Bisnis Kesehatan Menjanjikan

Sementara itu, Suhu Kiong, Tetuah dari Kelenteng Hong Tiek Hian Surabaya, Jumat (22/1/2021) menganalisis Kerbau Logam pada tahun 2021 ini merupakan logam negatif. Jadi, tambah Suhu Kiong, apa yang dikerjakan hari ini belum tentu bisa dinikmati di tahun ini pula.

“Maka dari itu pentingnya mengumpulkan dan membajaknya dengan baik dan hati-hati sehingga bisa mendapatkan keuntungan di tahun yang akan datang,” jelas Suhu Kiong, Jumat (22/1/2021) kemarin.

Suhu Kiong memaparkan soal prospek bisnis di tahun Kerbau Logam ini, masih menjanjikan adalah mengenai sektor kesehatan. Menurutnya, kondisi tahun ini masih tetap membutuhan effort berlebih, sehingga siapa yang tidak bisa berinovasi mengikuti kondisi akan kesulitan.

 

Awas Bangkrut

Selain itu, prospek bisnis Properti sebenarnya juga cukup menarik. Namun, Suhu Kiong mengingatkan bahwa di sektor ini banyak jebakan. "Awal tahun ini sampai Juli 2021 banyak yang bankrut sehingga harus betul hati-hati," jelasnya.

Sektor lainnya yang juga menurut Suhu Kiong punya prospek yang cemerlang, adalah sektor makanan. Adapun untuk jangka panjang, Suhu Benny menilai sektor batu bara juga punya prospek bisnis yang menarik.

Salah satu pesan dari Suhu Kiong untuk menghadapi tahun sulit seperti ini haruslah berhati-hati karena masa sulit seperti ini juga dirasakan oleh semua orang di seluruh dunia. Negara-negara maju pun turut mengalami krisis saat masa sulit ini.. Maka butuh daya kemampuan sendiri yang nyata.

"Orang sukses tidak perlu gaya, terkenal, dan dihargai. Yang ia butuhkan adalah hidup tersenyum, gembira, dan tenteram," kata Suhu Kiong.

 

Ekonomi Politik Indonesia Rawan

Sementara, Suhu Guntur Yeremia Chandra, pakar Hong shui yang tinggal di Dukuh Kupang Timur Surabaya ini melihat, tahun Imlek 2572 yang merupakan Tahun Kerbau Logam, merupakan tahun yang penuh cobaan dan rintangan berat.

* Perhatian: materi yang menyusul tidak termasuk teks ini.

lemma Cset_related_succ_Cset:
  assumes a: "a \<in> CC" and r: "related a b"
  shows "b \<in> CC"
proof -
  have "b \<notin> set l" if l: "NPath l \<in> NN" for l
  proof
    assume "b \<in> set l"
    then obtain i where i: "i < length l" "b = l ! i" by (auto simp: in_set_conv_nth)
    show False
    proof (cases i)
      case 0
      then show False using Nset_NPathD(1,4)[OF l] i r by (simp add: hd_conv_nth)
    next
      case (Suc k)
      then have "related (l ! k) (l ! Suc k)" using successively_nth[OF Nset_NPathD(3)[OF l]] i(1) by simp
      then have "related (l ! k) b" using i(2) Suc by simp
      then have "l ! k = a" using related_left_unique r by blast
      moreover have "k < length l" using i(1) Suc by simp
      ultimately have "a \<in> set l" using nth_mem by blast
      then show False using a l unfolding Cset_def by blast
    qed
  qed
  then show ?thesis using relatedD[OF r] unfolding Cset_def by blast
qed

lemma Psi_map_props:
  assumes a: "a \<in> CC"
  shows "Psi_map Q \<sigma> \<tau> a \<in> CC \<and> related a (Psi_map Q \<sigma> \<tau> a)"
proof -
  have a_arr: "a \<in> arrs Q" using a Cset_subset by blast
  obtain b where r: "related a b" using Cset_has_related_succ[OF a] ..
  have b: "b \<in> CC" "tgt Q b = src Q a" "\<tau> b = \<sigma> a"
    using Cset_related_succ_Cset[OF a r] relatedD[OF r] related_signs[OF r] by simp_all
  have "Psi_map Q \<sigma> \<tau> a = b"
    unfolding Psi_map_def
  proof (rule the_equality)
    fix c assume c: "c \<in> CC \<and> tgt Q c = src Q a \<and> \<tau> c = \<sigma> a"
    then have "related a c" using related_iff_signs[OF a_arr] Cset_subset by auto
    then show "c = b" using related_right_unique r by blast
  qed (use b in simp)
  then show ?thesis using b(1) r by simp
qed

lemma inj_on_Psi_map: "inj_on (Psi_map Q \<sigma> \<tau>) CC"
  by (rule inj_onI) (metis Psi_map_props related_left_unique)

lemma Psi_map_Cset: "Psi_map Q \<sigma> \<tau> ` CC \<subseteq> CC"
  using Psi_map_props by blast

subsection \<open>Orbits and the invariant\<close>

lemma Psi_orbitsD:
  assumes "X \<in> Psi_orbits Q \<sigma> \<tau>"
  shows "X \<subseteq> CC \<and> X \<noteq> {}"
proof -
  obtain x where x: "x \<in> CC" "X = orb (Psi_map Q \<sigma> \<tau>) x" using assms unfolding Psi_orbits_def by blast
  then show ?thesis using orb_subset[OF Psi_map_Cset x(1)] orb_self[of x] by auto
qed

lemma Phi_orbitsD:
  assumes "X \<in> Phi_orbits Q \<sigma> \<tau>"
  shows "X \<subseteq> NN \<and> X \<noteq> {}"
proof -
  obtain w where w: "w \<in> NN" "X = orb (Phi_map Q \<sigma> \<tau>) w" using assms unfolding Phi_orbits_def by blast
  then show ?thesis using orb_subset[OF Phi_map_Nset w(1)] orb_self[of w] by auto
qed

lemma card_Phi_orbit_pos: "X \<in> Phi_orbits Q \<sigma> \<tau> \<Longrightarrow> 0 < card X"
  using Phi_orbitsD finite_Nset finite_subset by (metis card_gt_0_iff)

lemma finite_Psi_orbits: "finite (Psi_orbits Q \<sigma> \<tau>)"
  unfolding Psi_orbits_def using finite_Cset by simp

lemma finite_Phi_orbits: "finite (Phi_orbits Q \<sigma> \<tau>)"
  unfolding Phi_orbits_def using finite_Nset by simp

Namun, Suhu Guntur sendiri enggan untuk membeberkan lebih dalam bagaimana situasi ekonomi dan pandemi Covid-19 di Indonesia.

“Maaf, saya enggak mau bicara itu. Sebab kalau menerawang soal itu, sudah masuk ranah politik. Sekarang rawan. Nanti apa yang saya terawangkan, juga sangat riskan. Bisa-bisa nanti terjerat pidana,” kata Suhu Guntur, Jumat (22/1/2021).

Meski begitu, Suhu Guntur membeberkan beberapa usaha yang akan merasakan keberuntungan pada sektor tanah, logam, air, kayu dan jasa. Yakni, besi, mesin mesin, perhiasan dan arloji, kaca mata, otomotif, garment, kain, sepon, mebel, interior, kertas, hasil laut, jamu, kimia, obat-obatan, plastik, kosmetika, pelumas oli, bahan bangunan, hasil bumi, ternak, profesi, travel dan ekspedisi.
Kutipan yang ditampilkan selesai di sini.